When whole industries are getting the axe quicker than ever, avoiding career catastrophe is not about riding the ups and downs, but jumping the tracks entirely.
In every career there comes a point when you’re all washed up. Your face no longer fits. Your stock is falling. Your friends and fans are gone. Career stall can strike at any time. And it does.
I had early quarter-life career stall when I was a washed-up music journalist who had just turned 25. Then I had midlife, middle-career stall when I was a washed-up newspaper columnist with a new editor who was a budget-slashing bean counter. And then I had late career stall when I was a washed up novelist whose last No 1 was ten years ago. That is a lot of lows but fairly typical of these uncertain times. “The iron rice bowl” is what the Chinese called a job for life. But nobody talks about iron rice bowls any more, not in China nor anywhere else. The old career flight paths no longer exist. From Beijing to Brooklyn, from Soho to Shanghai, every job ends, and probably a hell of a lot sooner than you were anticipating.
“People are no longer working at the same jobs for 40 years, with the safety net of pensions waiting at the end,” Jenny Blake writes in her book Pivot: The Only Move That Matters Is Your Next One. “The average employee tenure in America is now four to five years and job roles change dramatically within those years.
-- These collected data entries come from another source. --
lemma AE_obsX: "AE w in P. obsX w = M *v obsZ w + obsV w"
  by (subst AE_P_iff) auto

lemma AE_obsY: "AE w in P. obsY w = f0 (obsX w) + obsU w"
  by (subst AE_P_iff) auto

lemma g0_measurable [measurable]: "g0 \<in> borel_measurable borel"
  using gamma0 by (simp add: is_gamma0_def)

lemma integrable_f0_X: "integrable P (\<lambda>w. f0 (obsX w))"
  by (rule P.square_integrable_imp_integrable[OF _ square_integrable_f0_X]) simp

lemma integrable_obsU: "integrable P obsU"
  using integrable_U by (simp add: integrable_P integrable_LQ_fst[where G=fst, simplified])

lemma integrable_obsY: "integrable P obsY"
  by (rule integrable_cong_AE_imp[OF Bochner_Integration.integrable_add[OF integrable_f0_X integrable_obsU]])
    (use AE_obsY in auto)

lemma sigma_finite_subalgebra_P:
  "W \<in> borel \<rightarrow>\<^sub>M borel \<Longrightarrow> sigma_finite_subalgebra P (vimage_algebra UNIV W (borel::'b::topological_space measure))"
  using sigma_finite_subalgebra_vimage_algebra[OF P.prob_space_axioms, of W] by simp

lemma AE_gamma0: "AE w in P. g0 (obsV w) = real_cond_exp P (vimage_algebra UNIV obsV borel) obsU w"
  using gamma0 by (simp add: is_gamma0_def cond_exp_given_def)

lemma integrable_g0_V: "integrable P (\<lambda>w. g0 (obsV w))"
proof -
  interpret sigma_finite_subalgebra P "vimage_algebra UNIV obsV borel"
    by (rule sigma_finite_subalgebra_P) measurable
  show ?thesis
    using AE_gamma0 real_cond_exp_int(1)[OF integrable_obsU] by (subst integrable_cong_AE) auto
qed

lemma gamma0_set_integral:
  assumes [measurable]: "C \<in> sets borel"
  shows "(\<integral>x. indicator C (snd x) * fst x \<partial>L) = (\<integral>x. indicator C (snd x) * g0 (snd x) \<partial>L)"
proof -
  interpret sigma_finite_subalgebra P "vimage_algebra UNIV obsV borel"
    by (rule sigma_finite_subalgebra_P) measurable
  have "obsV -` C \<in> sets (vimage_algebra UNIV obsV borel)"
    using in_vimage_algebra[of C borel obsV UNIV] by simp
  from real_cond_exp_intA[OF integrable_obsU this]
  have "(\<integral>w. indicator C (obsV w) * obsU w \<partial>P)
      = (\<integral>w. indicator C (obsV w) * real_cond_exp P (vimage_algebra UNIV obsV borel) obsU w \<partial>P)"
    unfolding set_lebesgue_integral_def indicator_vimage by simp
  also have "\<dots> = (\<integral>w. indicator C (obsV w) * g0 (obsV w) \<partial>P)"
    by (rule integral_cong_AE) (use AE_gamma0 in auto)
  finally show ?thesis
    by (simp add: integral_P integral_LQ_fst[where G="\<lambda>x. indicator C (snd x) * fst x", simplified]
        integral_LQ_fst[where G="\<lambda>x. indicator C (snd x) * g0 (snd x)", simplified])
qed

lemma gamma0_set_integral_pair:
  assumes [measurable]: "D \<in> sets borel"
  shows "(\<integral>x. indicator D (snd (fst x), snd x) * fst (fst x) \<partial>(L \<Otimes>\<^sub>M Q))
    = (\<integral>x. indicator D (snd (fst x), snd x) * g0 (snd (fst x)) \<partial>(L \<Otimes>\<^sub>M Q))"
proof -
  have integrable_g0: "integrable L (\<lambda>x. g0 (snd x))"
    using integrable_g0_V
    by (simp add: integrable_P integrable_LQ_fst[where G="\<lambda>x. g0 (snd x)", simplified])
  have integrable_indicator: "integrable (L \<Otimes>\<^sub>M Q) (\<lambda>x. indicator D (snd (fst x), snd x) * G (fst x))"
    if "integrable L G" "G \<in> borel_measurable borel" for G :: "_ \<Rightarrow> real"
  proof -
    have "{x. (snd (fst x), snd x) \<in> D} \<in> sets (L \<Otimes>\<^sub>M Q)" by measurable
    moreover have "integrable (L \<Otimes>\<^sub>M Q) (\<lambda>x. G (fst x))"
      using that by (simp add: integrable_LQ_fst)
    ultimately have "integrable (L \<Otimes>\<^sub>M Q)
        (\<lambda>x. indicator {x. (snd (fst x), snd x) \<in> D} x *\<^sub>R G (fst x))"
      by (rule integrable_mult_indicator)
    then show ?thesis by (simp add: indicator_def)
  qed
  have "(\<integral>x. indicator D (snd (fst x), snd x) * fst (fst x) \<partial>(L \<Otimes>\<^sub>M Q))
      = (\<integral>z. (\<integral>x. indicator D (snd x, z) * fst x \<partial>L) \<partial>Q)"
    using LQ.integral_snd[of "\<lambda>x z. indicator D (snd x, z) * fst x"] integrable_indicator[OF integrable_U]
    by (simp add: split_beta')
  also have "\<dots> = (\<integral>z. (\<integral>x. indicator D (snd x, z) * g0 (snd x) \<partial>L) \<partial>Q)"
  proof (rule Bochner_Integration.integral_cong[OF refl])
    fix z :: "real^'r"
    have "(\<lambda>v::real^'p. (v, z)) \<in> borel \<rightarrow>\<^sub>M borel" by measurable
    from measurable_sets[OF this assms] have "(\<lambda>v. (v, z)) -` D \<in> sets borel" by simp
    from gamma0_set_integral[OF this]
    show "(\<integral>x. indicator D (snd x, z) * fst x \<partial>L) = (\<integral>x. indicator D (snd x, z) * g0 (snd x) \<partial>L)"
      by (simp add: indicator_def)
  qed
  also have "\<dots> = (\<integral>x. indicator D (snd (fst x), snd x) * g0 (snd (fst x)) \<partial>(L \<Otimes>\<^sub>M Q))"
    using LQ.integral_snd[of "\<lambda>x z. indicator D (snd x, z) * g0 (snd x)"] integrable_indicator[OF integrable_g0]
    by (simp add: split_beta')
  finally show ?thesis .
qed

lemma cond_exp_obsY_given_XV:
  "AE w in P. cond_exp_given P (\<lambda>w. (obsX w, obsV w)) obsY w = f0 (obsX w) + g0 (obsV w)"
proof -
  let ?F = "vimage_algebra UNIV (\<lambda>w. (obsX w, obsV w)) (borel :: ((real^'p) \<times> (real^'p)) measure)"
  interpret sigma_finite_subalgebra P ?F
    by (rule sigma_finite_subalgebra_P) measurable
  have "AE w in P. real_cond_exp P ?F obsY w = f0 (obsX w) + g0 (obsV w)"
  proof (rule real_cond_exp_charact)
    have XV: "(\<lambda>w. (obsX w, obsV w)) \<in> ?F \<rightarrow>\<^sub>M borel"
      by (rule measurable_vimage_algebra1) simp
    have "(\<lambda>p::(real^'p) \<times> (real^'p). f0 (fst p) + g0 (snd p)) \<in> borel_measurable borel"
      by measurable
    from measurable_compose[OF XV this]
    show "(\<lambda>w. f0 (obsX w) + g0 (obsV w)) \<in> borel_measurable ?F" by simp
    fix A :: "('p, 'r) obs set" assume "A \<in> sets ?F"
    then obtain B where [measurable]: "B \<in> sets borel" and A: "A = (\<lambda>w. (obsX w, obsV w)) -` B"
      by (auto simp: sets_vimage_algebra2)
    let ?I = "\<lambda>w. indicator B (obsX w, obsV w) :: real"
    have integrable_I: "integrable P (\<lambda>w. ?I w * G w)" if "integrable P G" for G :: "_ \<Rightarrow> real"
    proof -
      have "{w. (obsX w, obsV w) \<in> B} \<in> sets P" by measurable
      from integrable_mult_indicator[OF this that]
      show ?thesis by (simp add: indicator_def)
    qed
    define D where "D = {p :: (real^'p) \<times> (real^'r). (M *v snd p + fst p, fst p) \<in> B}"
    have [measurable]: "D \<in> sets borel" unfolding D_def by measurable
    have "(\<integral>w. ?I w * obsU w \<partial>P) = (\<integral>w. ?I w * g0 (obsV w) \<partial>P)"
      using gamma0_set_integral_pair[of D] by (simp add: integral_P D_def indicator_def)
    then have "(\<integral>w. ?I w * (f0 (obsX w) + obsU w) \<partial>P) = (\<integral>w. ?I w * (f0 (obsX w) + g0 (obsV w)) \<partial>P)"
      using integrable_I[OF integrable_f0_X] integrable_I[OF integrable_obsU] integrable_I[OF integrable_g0_V]
      by (simp add: distrib_left)
    moreover have "(\<integral>w. ?I w * obsY w \<partial>P) = (\<integral>w. ?I w * (f0 (obsX w) + obsU w) \<partial>P)"
      by (rule integral_cong_AE) (use AE_obsY in auto)
    ultimately show "(\<integral>w\<in>A. obsY w \<partial>P) = (\<integral>w\<in>A. (f0 (obsX w) + g0 (obsV w)) \<partial>P)"
      unfolding set_lebesgue_integral_def A indicator_vimage by simp
  qed (use integrable_obsY integrable_f0_X integrable_g0_V in auto)
  then show ?thesis by (simp add: cond_exp_given_def)
qed

lemma AE_VZ_iff:
  "Measurable.pred borel \<Phi> \<Longrightarrow> (AE p in VZ. \<Phi> p) \<longleftrightarrow> (AE w in P. \<Phi> (obsV w, obsZ w))"
  by (rule AE_distr_iff) auto

lemma AE_VZ_difference:
  assumes [measurable]: "f \<in> borel_measurable borel" "g \<in> borel_measurable borel"
    and eq: "AE w in P. f0 (obsX w) + g0 (obsV w) = f (obsX w) + g (obsV w)"
  shows "AE p in VZ. f0 (M *v snd p + fst p) - f (M *v snd p + fst p) = g (fst p) - g0 (fst p)"
proof (subst AE_VZ_iff)
  show "AE w in P. f0 (M *v snd (obsV w, obsZ w) + fst (obsV w, obsZ w))
      - f (M *v snd (obsV w, obsZ w) + fst (obsV w, obsZ w))
      = g (fst (obsV w, obsZ w)) - g0 (fst (obsV w, obsZ w))"
    using eq AE_obsX by eventually_elim simp
qed measurable

lemma distr_P_observe:
  "F \<in> borel \<rightarrow>\<^sub>M N \<Longrightarrow> distr P N F = distr (L \<Otimes>\<^sub>M Q) N (\<lambda>x. F (observe x))"
  unfolding P_eq_distr_observe by (subst distr_distr) (auto simp: comp_def)

lemma distr_obsV: "distr P borel obsV = distr L borel snd"
proof -
  have "distr P borel obsV = distr (distr (L \<Otimes>\<^sub>M Q) L fst) borel snd"
    by (simp add: distr_P_observe distr_distr comp_def)
  then show ?thesis by (simp add: Q.distr_pair_fst[of L])
qed

lemma distr_obsZ: "distr P borel obsZ = Q"
proof -
  have "distr P borel obsZ = distr (L \<Otimes>\<^sub>M Q) Q snd"
    by (simp add: distr_P_observe) (rule distr_cong; simp add: sets_Q)
  also have "\<dots> = distr (Q \<Otimes>\<^sub>M L) Q fst"
    by (subst LQ.distr_pair_swap) (simp add: distr_distr comp_def split_beta')
  finally show ?thesis by (simp add: L.distr_pair_fst[of Q])
qed

lemma distr_obsV_obsZ: "VZ = distr P borel obsV \<Otimes>\<^sub>M Q"
proof -
  have "distr L borel snd \<Otimes>\<^sub>M distr Q borel (\<lambda>z. z)
      = distr (L \<Otimes>\<^sub>M Q) (borel \<Otimes>\<^sub>M borel) (\<lambda>(x, z). (snd x, z))"
    by (rule pair_measure_distr) (auto simp: distr_id2 sets_Q Q.sigma_finite_measure_axioms)
  then show ?thesis
    by (simp add: distr_obsV distr_id2[OF sets_Q[symmetric]] distr_P_observe split_beta' borel_prod)
qed

lemma AE_shifted_obsV_atom:
  assumes [measurable]: "Measurable.pred borel (\<lambda>p. \<Phi> (fst p) (snd p))"
    and "AE p in VZ. \<Phi> (fst p) (snd p)" and "measure P {w \<in> space P. obsZ w = z} > 0"
  shows "AE y in distr P borel (\<lambda>w. obsV w + M *v z). \<Phi> (y - M *v z) z"
proof -
  interpret pair_sigma_finite "distr P borel obsV" Q
    by (intro pair_sigma_finite.intro prob_space_imp_sigma_finite P.prob_space_distr
        Q.sigma_finite_measure_axioms) simp
  have "measure (distr P borel obsZ) {z} = measure P {w \<in> space P. obsZ w = z}"
    by (simp add: measure_distr vimage_def)
  then have "emeasure Q {z} \<noteq> 0"
    using assms(3) by (simp add: distr_obsZ Q.emeasure_eq_measure)
  moreover have [measurable_cong]: "sets (distr P borel obsV \<Otimes>\<^sub>M Q) = sets borel"
    by (metis sets_distr sets_pair_measure_cong sets_Q borel_prod)
  then have "{p \<in> space (distr P borel obsV \<Otimes>\<^sub>M Q). \<Phi> (fst p) (snd p)} \<in> sets (distr P borel obsV \<Otimes>\<^sub>M Q)"
    by measurable
  ultimately have "AE v in distr P borel obsV. \<Phi> v z"
    using assms(2) unfolding distr_obsV_obsZ by (intro AE_pair_atom) simp_all
  have shift: "distr P borel (\<lambda>w. obsV w + M *v z) = distr (distr P borel obsV) borel (\<lambda>v. v + M *v z)"
    by (subst distr_distr) (simp_all add: comp_def)
  have "(\<lambda>y::real^'p. (y - M *v z, z)) \<in> borel \<rightarrow>\<^sub>M borel"
    by measurable
  from measurable_compose[OF this assms(1)]
  have "(AE y in distr (distr P borel obsV) borel (\<lambda>v. v + M *v z). \<Phi> (y - M *v z) z)
      \<longleftrightarrow> (AE v in distr P borel obsV. \<Phi> (v + M *v z - M *v z) z)"
    by (intro AE_distr_iff) (auto simp: pred_def)
  with \<open>AE v in distr P borel obsV. \<Phi> v z\<close> show ?thesis
    unfolding shift by simp
qed

lemma condition_A_vanishes_on_range:
  fixes h k :: "real^'p \<Rightarrow> real"
  assumes condA: "condition_A P M g0" and "linear k" and [measurable]: "h \<in> borel_measurable borel"
    and VZ: "AE p in VZ. h (M *v snd p + fst p) = k (fst p)"
  shows "k (M *v z) = 0"
proof -
  obtain ZZ zs zs' where ZZ: "\<And>z. z \<in> ZZ \<Longrightarrow> measure P {w \<in> space P. obsZ w = z} > 0"
    and pairs: "\<And>j. j \<in> {1..rank M} \<Longrightarrow> zs j \<in> ZZ \<and> zs' j \<in> ZZ \<and>
      \<not> mutually_singular (distr P borel (\<lambda>w. obsV w + M *v zs j)) (distr P borel (\<lambda>w. obsV w + M *v zs' j))"
    and span: "span ((\<lambda>j. M *v (zs j - zs' j)) ` {1..rank M}) = range (\<lambda>z. M *v z)"
    using condA unfolding condition_A_def by blast
  have [measurable]: "k \<in> borel_measurable borel"
    using \<open>linear k\<close> by (rule borel_measurable_linear)
  have atom: "AE y in distr P borel (\<lambda>w. obsV w + M *v z). h y = k y - k (M *v z)"
    if "z \<in> ZZ" for z
    using AE_shifted_obsV_atom[OF _ VZ ZZ[OF that]] linear_diff[OF \<open>linear k\<close>] by simp
  \<comment> \<open>overlapping shifted laws of V give a common point y, at which k (M zs j) = k y - h y = k (M zs' j)\<close>
  have k_pairs: "k (M *v (zs j - zs' j)) = 0" if j: "j \<in> {1..rank M}" for j
  proof -
    have pred: "Measurable.pred (distr P borel (\<lambda>w. obsV w + M *v z')) (\<lambda>y. h y = k y - k (M *v z))"
      for z z' by measurable
    have "sets (distr P borel (\<lambda>w. obsV w + M *v zs j)) = sets (distr P borel (\<lambda>w. obsV w + M *v zs' j))"
      by simp
    from not_mutually_singular_common_point[OF this _ pred pred atom atom]
    obtain y where "h y = k y - k (M *v zs j)" "h y = k y - k (M *v zs' j)"
      using pairs[OF j] by blast
    then show ?thesis
      by (simp add: matrix_vector_mult_diff_distrib linear_diff[OF \<open>linear k\<close>])
  qed
  show ?thesis
  proof (rule linear_eq_0_on_span[OF \<open>linear k\<close>])
    show "M *v z \<in> span ((\<lambda>j. M *v (zs j - zs' j)) ` {1..rank M})"
      using span by simp
  qed (use k_pairs in auto)
qed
Among workers 25 to 34 years old, the average tenure drops to three years. Job security has become an antiquated idea, a luxury most people today do not enjoy, whether they are aware of it or not.”
And so you wake up at four in the morning wondering how you will pay the bills, and if you will ever find another job, and with the cocky certainties of youth kicked right out of you. In Piers Morgan’s immortal phrase, “One day you’re the cock of the walk and the next day you’re a feather duster.”